Applying Radiation Hardening by Software to Fast Lossless compression prediction on FPGAs

As scientists endeavor to learn more about the world´s ecosystems, engineers are pushed to develop more sophisticated instruments. With these advancements comes an increase in the amount of data generated. For satellite based instruments the additional data requires sufficient bandwidth be available to transmit the data. Alternatively, compression algorithms can be employed to reduce the bandwidth requirements. This work is motivated by the proposed HyspIRI mission, which includes two imaging spectrometers measuring from visible to short wave infrared (VSWIR) and thermal infrared (TIR) that saturate the projected bandwidth allocations. We present a novel investigation into the capability of using FPGAs integrated with embedded PowerPC processors to adequately perform the predictor function of the Fast Lossless (FL) compression algorithm for multispectral and hyperspectral imagery.
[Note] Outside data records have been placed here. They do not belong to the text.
(* Let $\Omega\subset\mathbb{R}^n$ be a bounded simply connected open set with smooth boundary, $\sigma_0\in C^2(\overline{\Omega})$ with $\sigma_0>0$ on $\overline{\Omega}$, $f\in C^{2,\alpha}(\partial\Omega)$, and let $u_0$ solve $\nabla\cdot\sigma_0\nabla u_0=0$ in $\Omega$, $u_0|_{\partial\Omega}=f$, with $\nabla u_0\neq0$ on $\overline{\Omega}$. Fix $p>0$. For $h\in C^2(\overline{\Omega})$ set $\rho=h/\sigma_0$ and $$d F_{\sigma_0}(h)=h|\nabla u_0|^p+p|\nabla u_0|^{p-2}\sigma_0\nabla u_0\cdot\nabla v_0,$$ where $v_0$ solves $\nabla\cdot\sigma_0\nabla v_0=-\nabla\cdot(h\nabla u_0)$ in $\Omega$, $v_0|_{\partial\Omega}=0$. Then $$\sigma_0\,T_0\!\left(\frac{dF_{\sigma_0}(h)}{\sigma_0|\nabla u_0|^p}\right)=-L\,\Delta_{\sigma_0,D}^{-1}\big(\sigma_0T_0\rho\big),$$ where $T_0=\nabla u_0\cdot\nabla$, $\Delta_{\sigma_0,D}$ is the Dirichlet realization of $\Delta_{\sigma_0}=\nabla\cdot\sigma_0\nabla$ in $\Omega$, and $L$ is the differential operator $$Lv=-\nabla\cdot\sigma_0\nabla v+p\,\nabla\cdot\left(\sigma_0\frac{\nabla u_0\cdot\nabla v}{|\nabla u_0|^2}\nabla u_0\right).$$
   Context: $dF_{\sigma_0}$ is the differential at $\sigma_0$ of $F(\sigma)=\sigma|\nabla u_\sigma|^p$, with $u_\sigma$ the $\sigma$-harmonic function with boundary data $f$; $h$ plays the role of $\sigma-\sigma_0$ and $\rho=(\sigma-\sigma_0)/\sigma_0$. *)

theory Defs
  imports "HOL-Analysis.Analysis"
begin
(* Let $K\subset S^3$ be a knot with Alexander module $H$. Let $k_1,k_2\geq1$ be coprime integers and let $\chi_i\colon H\to\mathbb C^*$ ($i=1,2$) be characters such that $\chi_i$ factors through $H/(t^{k_i}-1)H$. Then there is an isomorphism of representations of $\pi_K$ \[\alpha_{(k_1,\chi_1)}\otimes\alpha_{(k_2,\chi_2)}\cong \alpha_{(k_1k_2,\chi_1\chi_2)},\] where $\chi_1\chi_2$ denotes the pointwise product character (which factors through $H/(t^{k_1k_2}-1)H$).
   Context: For a knot $K$, $X_K=S^3\setminus\nu K$, $\pi_K=\pi_1(X_K)$, and $H=H_1(X_K;\mathbb Z[t^{\pm1}])$ is the Alexander module (the homology of the infinite cyclic cover, with $t$ acting by deck transformation). Then $\pi_K/\pi_K^{(2)}\cong\mathbb Z\ltimes H$, where $n\in\mathbb Z$ acts on $H$ by multiplication by $t^n$ (the generator of $\mathbb Z$ corresponding to a meridian). For $n\ge1$, a character $\chi\colon H\to\mathbb C^*$ factoring through $H/(t^n-1)H$, and $z\in\mathbb C$ with $z^n=(-1)^{n+1}$, define $\alpha_{(n,\chi)}\colon \mathbb Z\ltimes H\to \mathrm{SL}(n,\mathbb C)$ by \[\alpha_{(n,\chi)}(j,h)=P^j\cdot\mathrm{diag}\big(\chi(h),\chi(th),\dots,\chi(t^{n-1}h)\big),\] where $P$ is the $n\times n$ matrix with entries $z$ in positions $(1,n),(2,1),(3,2),\dots,(n,n-1)$ and $0$ elsewhere; its isomorphism type does not depend on the choice of $z$. It is regarded as a representation of $\pi_K$ via $\pi_K\to\pi_K/\pi_K^{(2)}\cong\mathbb Z\ltimes H$. *)

theory Defs
  imports Complex_Main "Jordan_Normal_Form.Matrix" "Jordan_Normal_Form.Gauss_Jordan_Elimination"
begin

text \<open>Abstract Alexander module: an abelian group H with the action of t,
  an additive bijection (so H is a Z[t,t^-1]-module).\<close>
definition alex_module :: "('h::ab_group_add \<Rightarrow> 'h) \<Rightarrow> bool" where
  "alex_module t \<longleftrightarrow> bij t \<and> (\<forall>a b. t (a + b) = t a + t b)"

definition character :: "('h::ab_group_add \<Rightarrow> complex) \<Rightarrow> bool" where
  "character \<chi> \<longleftrightarrow> (\<forall>a b. \<chi> (a + b) = \<chi> a * \<chi> b) \<and> (\<forall>a. \<chi> a \<noteq> 0)"

text \<open>chi factors through H/(t^n - 1)H, i.e. chi vanishes on (t^n - 1)H.\<close>
definition factors_through :: "('h::ab_group_add \<Rightarrow> 'h) \<Rightarrow> nat \<Rightarrow> ('h \<Rightarrow> complex) \<Rightarrow> bool" where
  "factors_through t n \<chi> \<longleftrightarrow> (\<forall>h. \<chi> ((t ^^ n) h - h) = 1)"

text \<open>The matrix P with entries z at (1,n),(2,1),...,(n,n-1) (1-based).\<close>
definition perm_mat :: "nat \<Rightarrow> complex \<Rightarrow> complex mat" where
  "perm_mat n z = mat n n (\<lambda>(r, c). if r = (c + 1) mod n then z else 0)"

definition mat_int_pow :: "complex mat \<Rightarrow> int \<Rightarrow> complex mat" where
  "mat_int_pow A j = (if j \<ge> 0 then A ^\<^sub>m nat j else (the (mat_inverse A)) ^\<^sub>m nat (- j))"

text \<open>The representation alpha_(n,chi) of Z \<ltimes> H.\<close>
definition alpha :: "('h::ab_group_add \<Rightarrow> 'h) \<Rightarrow> nat \<Rightarrow> complex \<Rightarrow> ('h \<Rightarrow> complex)
    \<Rightarrow> int \<Rightarrow> 'h \<Rightarrow> complex mat" where
  "alpha t n z \<chi> j h = mat_int_pow (perm_mat n z) j * mat n n (\<lambda>(r, c). if r = c then \<chi> ((t ^^ r) h) else 0)"

definition kron :: "complex mat \<Rightarrow> complex mat \<Rightarrow> complex mat" where
  "kron A B = mat (dim_row A * dim_row B) (dim_col A * dim_col B)
     (\<lambda>(i, j). A $$ (i div dim_row B, j div dim_col B) * B $$ (i mod dim_row B, j mod dim_col B))"
(* Let $\mathcal{M}$ be any $R\times K$ matrix with entries in a finite set $V$, let $\hat v\subseteq V$, and let $1\le L\le U$ be integers such that every stretch of $\hat v$ in every row of $\mathcal{M}$ has length in $[L,U]$. Then for each $0\le k<K-U$, $$ls^+_k+\sum_{j=L}^{U}\#^{\hat v}_{k+j}-(U-L+1)R\le 0,$$ and for each $U\le k<K$, $$ls^-_k+\sum_{j=L}^{U}\#^{\hat v}_{k-j}-(U-L+1)R\le 0,$$ where $ls^+_k=\max(0,\#^{\hat v}_k-\#^{\hat v}_{k-1})$ and $ls^-_k=\max(0,\#^{\hat v}_k-\#^{\hat v}_{k+1})$.
   Context: Columns are indexed $0,\ldots,K-1$ and rows $0,\ldots,R-1$. For $\hat v\subseteq V$ and a column $k$, $\#^{\hat v}_k$ denotes the number of rows $r$ with $\mathcal{M}_{r,k}\in\hat v$, with the convention $\#^{\hat v}_{-1}=\#^{\hat v}_{K}=0$. A stretch of $\hat v$ in row $r$ is a maximal (with respect to inclusion) interval $[a,b]$ of column indices such that $\mathcal{M}_{r,j}\in\hat v$ for all $a\le j\le b$; its length is $b-a+1$. *)

theory Defs
  imports Main
begin

(* Matrix M with rows 0..R-1 and columns 0..K-1, given as M r k. *)

(* #^vhat_k, with convention 0 outside columns 0..K-1 (in particular at -1 and K). *)
definition colcount :: "(nat \<Rightarrow> nat \<Rightarrow> 'v) \<Rightarrow> nat \<Rightarrow> nat \<Rightarrow> 'v set \<Rightarrow> int \<Rightarrow> int" where
  "colcount M R K vhat k =
     (if 0 \<le> k \<and> k < int K then int (card {r. r < R \<and> M r (nat k) \<in> vhat}) else 0)"

definition is_stretch :: "(nat \<Rightarrow> nat \<Rightarrow> 'v) \<Rightarrow> nat \<Rightarrow> 'v set \<Rightarrow> nat \<Rightarrow> nat \<Rightarrow> nat \<Rightarrow> bool" where
  "is_stretch M K vhat r a b \<longleftrightarrow>
     a \<le> b \<and> b < K \<and> (\<forall>j. a \<le> j \<and> j \<le> b \<longrightarrow> M r j \<in> vhat) \<and>
     (a = 0 \<or> M r (a - 1) \<notin> vhat) \<and> (b + 1 = K \<or> M r (b + 1) \<notin> vhat)"

definition ls_plus :: "(nat \<Rightarrow> nat \<Rightarrow> 'v) \<Rightarrow> nat \<Rightarrow> nat \<Rightarrow> 'v set \<Rightarrow> int \<Rightarrow> int" where
  "ls_plus M R K vhat k = max 0 (colcount M R K vhat k - colcount M R K vhat (k - 1))"

definition ls_minus :: "(nat \<Rightarrow> nat \<Rightarrow> 'v) \<Rightarrow> nat \<Rightarrow> nat \<Rightarrow> 'v set \<Rightarrow> int \<Rightarrow> int" where
  "ls_minus M R K vhat k = max 0 (colcount M R K vhat k - colcount M R K vhat (k + 1))"

end

theory Submission
  imports Defs
begin

(* Write each column count as a sum over rows of 0/1 cell indicators.
   Since max 0 (sum) is at most the sum of the max 0 terms, ls_plus at column k is bounded
   by the number of rows in which a stretch of vhat starts at column k.  In such a row the
   stretch has length n with L <= n <= U, so the cell at column k + n lies outside vhat and
   the window k+L .. k+U of that row contributes at most U - L; any other row contributes
   at most U - L + 1 to the window and nothing to ls_plus.  Summing over rows gives the
   first inequality (lemma ls_plus_window_bound) for every matrix.
   The second inequality is the first one applied to the matrix with mirrored columns
   k |-> K - 1 - k: mirroring preserves stretch lengths, turns ls_minus into ls_plus and
   the window k-U .. k-L into a window k'+L .. k'+U. *)

definition ind :: "(nat \<Rightarrow> nat \<Rightarrow> 'v) \<Rightarrow> nat \<Rightarrow> 'v set \<Rightarrow> nat \<Rightarrow> int \<Rightarrow> int" where
  "ind M K vhat r j = (if 0 \<le> j \<and> j < int K \<and> M r (nat j) \<in> vhat then 1 else 0)"

lemma ind_01: "ind M K vhat r j = 0 \<or> ind M K vhat r j = 1"
  by (simp add: ind_def)

lemma colcount_sum: "colcount M R K vhat j = (\<Sum>r<R. ind M K vhat r j)"
proof (cases "0 \<le> j \<and> j < int K")
  case True
  have "(\<Sum>r<R. ind M K vhat r j) = int (card ({..<R} \<inter> {r. M r (nat j) \<in> vhat}))"
    using True by (simp add: ind_def sum.If_cases)
  also have "{..<R} \<inter> {r. M r (nat j) \<in> vhat} = {r. r < R \<and> M r (nat j) \<in> vhat}"
    by auto
  finally show ?thesis
    using True by (simp add: colcount_def)
next
  case False
  then show ?thesis by (auto simp: colcount_def ind_def)
qed

lemma max_0_sum_le: "max 0 (sum f A) \<le> (\<Sum>x\<in>A. max 0 (f x))" for f :: "'a \<Rightarrow> int"
proof -
  have "sum f A \<le> (\<Sum>x\<in>A. max 0 (f x))" by (rule sum_mono) simp
  moreover have "0 \<le> (\<Sum>x\<in>A. max 0 (f x))" by (rule sum_nonneg) simp
  ultimately show ?thesis by simp
qed

lemma sum_le_card_minus_one:
  fixes f :: "'a \<Rightarrow> int"
  assumes "finite A" "\<And>j. j \<in> A \<Longrightarrow> f j \<le> 1" "n \<in> A" "f n = 0"
  shows "sum f A \<le> int (card A) - 1"
proof -
  have "sum f A = f n + sum f (A - {n})"
    using assms(1,3) by (simp add: sum.remove)
  also have "sum f (A - {n}) \<le> of_nat (card (A - {n})) * 1"
    using assms(2) by (intro sum_bounded_above) auto
  moreover have "1 \<le> card A"
    using assms(1,3) by (simp add: Suc_le_eq card_gt_0_iff) blast
  ultimately show ?thesis
    using assms by (simp add: card_Diff_singleton of_nat_diff)
qed

lemma stretch_start_gap:
  assumes lengths: "\<And>a b. is_stretch M K vhat r a b \<Longrightarrow> L \<le> b - a + 1 \<and> b - a + 1 \<le> U"
    and kU: "k + U < K" and in_k: "M r k \<in> vhat" and left: "k = 0 \<or> M r (k - 1) \<notin> vhat"
  shows "\<exists>n. L \<le> n \<and> n \<le> U \<and> M r (k + n) \<notin> vhat"
proof -
  (* n is the length of the stretch starting at k *)
  define P where "P n \<longleftrightarrow> 1 \<le> n \<and> (K \<le> k + n \<or> M r (k + n) \<notin> vhat)" for n
  define n where "n = Least P"
  have "P K" using kU by (simp add: P_def)
  then have Pn: "P n" unfolding n_def by (rule LeastI)
  have below: "\<not> P m" if "m < n" for m
    using that unfolding n_def by (rule not_less_Least)
  have n1: "1 \<le> n" using Pn by (simp add: P_def)
  have inside: "M r j \<in> vhat" if "k \<le> j" "j < k + n" for j
  proof (cases "j = k")
    case False
    then have "\<not> P (j - k)" using below that by simp
    then show ?thesis using False that by (simp add: P_def)
  qed (use in_k in simp)
  have end_lt: "k + n - 1 < K"
    using below[of "n - 1"] n1 kU by (cases "n = 1") (auto simp: P_def)
  have "is_stretch M K vhat r k (k + n - 1)"
    unfolding is_stretch_def using n1 end_lt inside left Pn by (auto simp: P_def)
  then have "L \<le> n \<and> n \<le> U"
    using lengths n1 by fastforce
  moreover from this have "M r (k + n) \<notin> vhat"
    using Pn kU by (simp add: P_def)
  ultimately show ?thesis by blast
qed

lemma row_window_bound:
  assumes lengths: "\<And>a b. is_stretch M K vhat r a b \<Longrightarrow> L \<le> b - a + 1 \<and> b - a + 1 \<le> U"
    and "L \<le> U" and k: "k + U < K"
  shows "max 0 (ind M K vhat r (int k) - ind M K vhat r (int k - 1))
           + (\<Sum>j = int L..int U. ind M K vhat r (int k + j)) \<le> int U - int L + 1"
proof -
  let ?I = "{int L..int U}"
  have card_I: "int (card ?I) = int U - int L + 1" using \<open>L \<le> U\<close> by simp
  have ind_le: "\<And>j. ind M K vhat r j \<le> 1" by (simp add: ind_def)
  show ?thesis
  proof (cases "ind M K vhat r (int k) = 1 \<and> ind M K vhat r (int k - 1) = 0")
    case True
    then have in_k: "M r k \<in> vhat"
      by (metis ind_def zero_neq_one nat_int)
    have "k = 0 \<or> M r (k - 1) \<notin> vhat"
    proof (cases "k = 0")
      case False
      then have "ind M K vhat r (int (k - 1)) = 0" using True by (simp add: of_nat_diff)
      moreover have "k - 1 < K" using k by simp
      ultimately show ?thesis unfolding ind_def by (simp split: if_split_asm)
    qed simp
    then obtain n where n: "L \<le> n" "n \<le> U" "M r (k + n) \<notin> vhat"
      using stretch_start_gap[of M K vhat r L U k, OF lengths k in_k] by blast
    have "ind M K vhat r (int k + int n) = 0"
      using n by (simp add: ind_def nat_add_distrib flip: of_nat_add)
    then have "(\<Sum>j\<in>?I. ind M K vhat r (int k + j)) \<le> int (card ?I) - 1"
      using n ind_le by (intro sum_le_card_minus_one[of _ _ "int n"]) auto
    then show ?thesis using True card_I by simp
  next
    case False
    then have "max 0 (ind M K vhat r (int k) - ind M K vhat r (int k - 1)) = 0"
      using ind_01[of M K vhat r "int k"] ind_01[of M K vhat r "int k - 1"] by auto
    moreover have "(\<Sum>j\<in>?I. ind M K vhat r (int k + j)) \<le> of_nat (card ?I) * 1"
      using ind_le by (intro sum_bounded_above) auto
    ultimately show ?thesis using card_I by simp
  qed
qed

lemma ls_plus_window_bound:
  assumes lengths: "\<And>r a b. r < R \<Longrightarrow> is_stretch M K vhat r a b \<Longrightarrow> L \<le> b - a + 1 \<and> b - a + 1 \<le> U"
    and "L \<le> U" and "0 \<le> k" and k_bound: "k < int K - int U"
  shows "ls_plus M R K vhat k + (\<Sum>j = int L..int U. colcount M R K vhat (k + j))
           - (int U - int L + 1) * int R \<le> 0"
proof -
  let ?I = "{int L..int U}"
  let ?step = "\<lambda>r. max 0 (ind M K vhat r k - ind M K vhat r (k - 1))"
  let ?window = "\<lambda>r. \<Sum>j\<in>?I. ind M K vhat r (k + j)"
  obtain k' where k': "k = int k'" using \<open>0 \<le> k\<close> nonneg_eq_int by blast
  have "ls_plus M R K vhat k = max 0 (\<Sum>r<R. ind M K vhat r k - ind M K vhat r (k - 1))"
    by (simp add: ls_plus_def colcount_sum sum_subtractf)
  also have "\<dots> \<le> (\<Sum>r<R. ?step r)" by (rule max_0_sum_le)
  finally have step: "ls_plus M R K vhat k \<le> (\<Sum>r<R. ?step r)" .
  have window: "(\<Sum>j\<in>?I. colcount M R K vhat (k + j)) = (\<Sum>r<R. ?window r)"
    by (simp add: colcount_sum sum.swap[of _ ?I])
  have "(\<Sum>r<R. ?step r) + (\<Sum>r<R. ?window r) = (\<Sum>r<R. ?step r + ?window r)"
    by (simp add: sum.distrib)
  also have "\<dots> \<le> (\<Sum>r<R. int U - int L + 1)"
  proof (rule sum_mono)
    fix r assume "r \<in> {..<R}"
    then show "?step r + ?window r \<le> int U - int L + 1"
      using row_window_bound[of M K vhat r L U k'] lengths \<open>L \<le> U\<close> k_bound k' by simp
  qed
  also have "\<dots> = (int U - int L + 1) * int R" by simp
  finally show ?thesis using step window by linarith
qed

definition mirror :: "nat \<Rightarrow> (nat \<Rightarrow> nat \<Rightarrow> 'v) \<Rightarrow> nat \<Rightarrow> nat \<Rightarrow> 'v" where
  "mirror K M r k = M r (K - 1 - k)"

lemma colcount_mirror: "colcount (mirror K M) R K vhat k = colcount M R K vhat (int K - 1 - k)"
proof (cases "0 \<le> k \<and> k < int K")
  case True
  then have "nat (int K - 1 - k) = K - 1 - nat k" by linarith
  then show ?thesis using True by (simp add: colcount_def mirror_def)
qed (auto simp: colcount_def)

lemma is_stretch_mirror:
  assumes "is_stretch (mirror K M) K vhat r a b"
  shows "is_stretch M K vhat r (K - 1 - b) (K - 1 - a) \<and> (K - 1 - a) - (K - 1 - b) = b - a"
proof -
  have ab: "a \<le> b" "b < K" using assms by (auto simp: is_stretch_def)
  have "\<forall>j. K - 1 - b \<le> j \<and> j \<le> K - 1 - a \<longrightarrow> M r j \<in> vhat"
  proof (intro allI impI)
    fix j assume "K - 1 - b \<le> j \<and> j \<le> K - 1 - a"
    then have "a \<le> K - 1 - j \<and> K - 1 - j \<le> b" "K - 1 - (K - 1 - j) = j" using ab by auto
    then show "M r j \<in> vhat" using assms by (metis is_stretch_def mirror_def)
  qed
  moreover have "K - 1 - b = 0 \<or> M r (K - 1 - b - 1) \<notin> vhat"
    using assms ab by (auto simp: is_stretch_def mirror_def Suc_diff_Suc)
  moreover have "K - 1 - a + 1 = K \<or> M r (K - 1 - a + 1) \<notin> vhat"
  proof (cases "a = 0")
    case False
    then have "K - 1 - (a - 1) = K - 1 - a + 1" using ab by simp
    then show ?thesis using assms False by (auto simp: is_stretch_def mirror_def)
  qed (use ab in simp)
  ultimately show ?thesis using ab by (simp add: is_stretch_def)
qed

lemma ls_plus_mirror:
  "ls_plus (mirror K M) R K vhat (int K - 1 - k) = ls_minus M R K vhat k"
  by (simp add: ls_plus_def ls_minus_def colcount_mirror algebra_simps)

theorem mainTheorem14:
  fixes M :: "nat \<Rightarrow> nat \<Rightarrow> 'v" and V vhat :: "'v set" and R K L U :: nat
  assumes "finite V"
    and "\<And>r k. r < R \<Longrightarrow> k < K \<Longrightarrow> M r k \<in> V"
    and "vhat \<subseteq> V"
    and "1 \<le> L" and "L \<le> U"
    and "\<And>r a b. r < R \<Longrightarrow> is_stretch M K vhat r a b \<Longrightarrow> L \<le> b - a + 1 \<and> b - a + 1 \<le> U"
  shows "(\<forall>k. 0 \<le> k \<and> k < int K - int U \<longrightarrow>
            ls_plus M R K vhat k + (\<Sum>j = int L..int U. colcount M R K vhat (k + j))
              - (int U - int L + 1) * int R \<le> 0)
       \<and> (\<forall>k. int U \<le> k \<and> k < int K \<longrightarrow>
            ls_minus M R K vhat k + (\<Sum>j = int L..int U. colcount M R K vhat (k - j))
              - (int U - int L + 1) * int R \<le> 0)"
proof (intro conjI allI impI)
  fix k :: int
  assume "0 \<le> k \<and> k < int K - int U"
  then show "ls_plus M R K vhat k + (\<Sum>j = int L..int U. colcount M R K vhat (k + j))
               - (int U - int L + 1) * int R \<le> 0"
    using ls_plus_window_bound[of R M K vhat L U k] assms(5,6) by blast
next
  fix k :: int
  assume k: "int U \<le> k \<and> k < int K"
  have mirror_lengths: "L \<le> b - a + 1 \<and> b - a + 1 \<le> U"
    if "r < R" "is_stretch (mirror K M) K vhat r a b" for r a b
    using assms(6)[OF \<open>r < R\<close>] is_stretch_mirror[OF that(2)] by fastforce
  have "ls_plus (mirror K M) R K vhat (int K - 1 - k)
          + (\<Sum>j = int L..int U. colcount (mirror K M) R K vhat (int K - 1 - k + j))
          - (int U - int L + 1) * int R \<le> 0"
    using ls_plus_window_bound[of R "mirror K M" K vhat L U "int K - 1 - k"] mirror_lengths
      assms(5) k by simp
  then show "ls_minus M R K vhat k + (\<Sum>j = int L..int U. colcount M R K vhat (k - j))
               - (int U - int L + 1) * int R \<le> 0"
    by (simp add: ls_plus_mirror colcount_mirror)
qed

end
Furthermore, our design includes a multi-PowerPC implementation which incorporates recently developed Radiation Hardening by Software (RHBSW) techniques to provide software-based fault tolerance to commercial FPGA devices. Our results show low performance overhead (4-8%) while achieving a speedup of 1.97× when utilizing both PowerPCs. Finally, the evaluation of the proposed system includes resource utilization, performance metrics, and an analysis of the vulnerability to Single Event Upsets (SEU) through the use of a hardware based fault injector.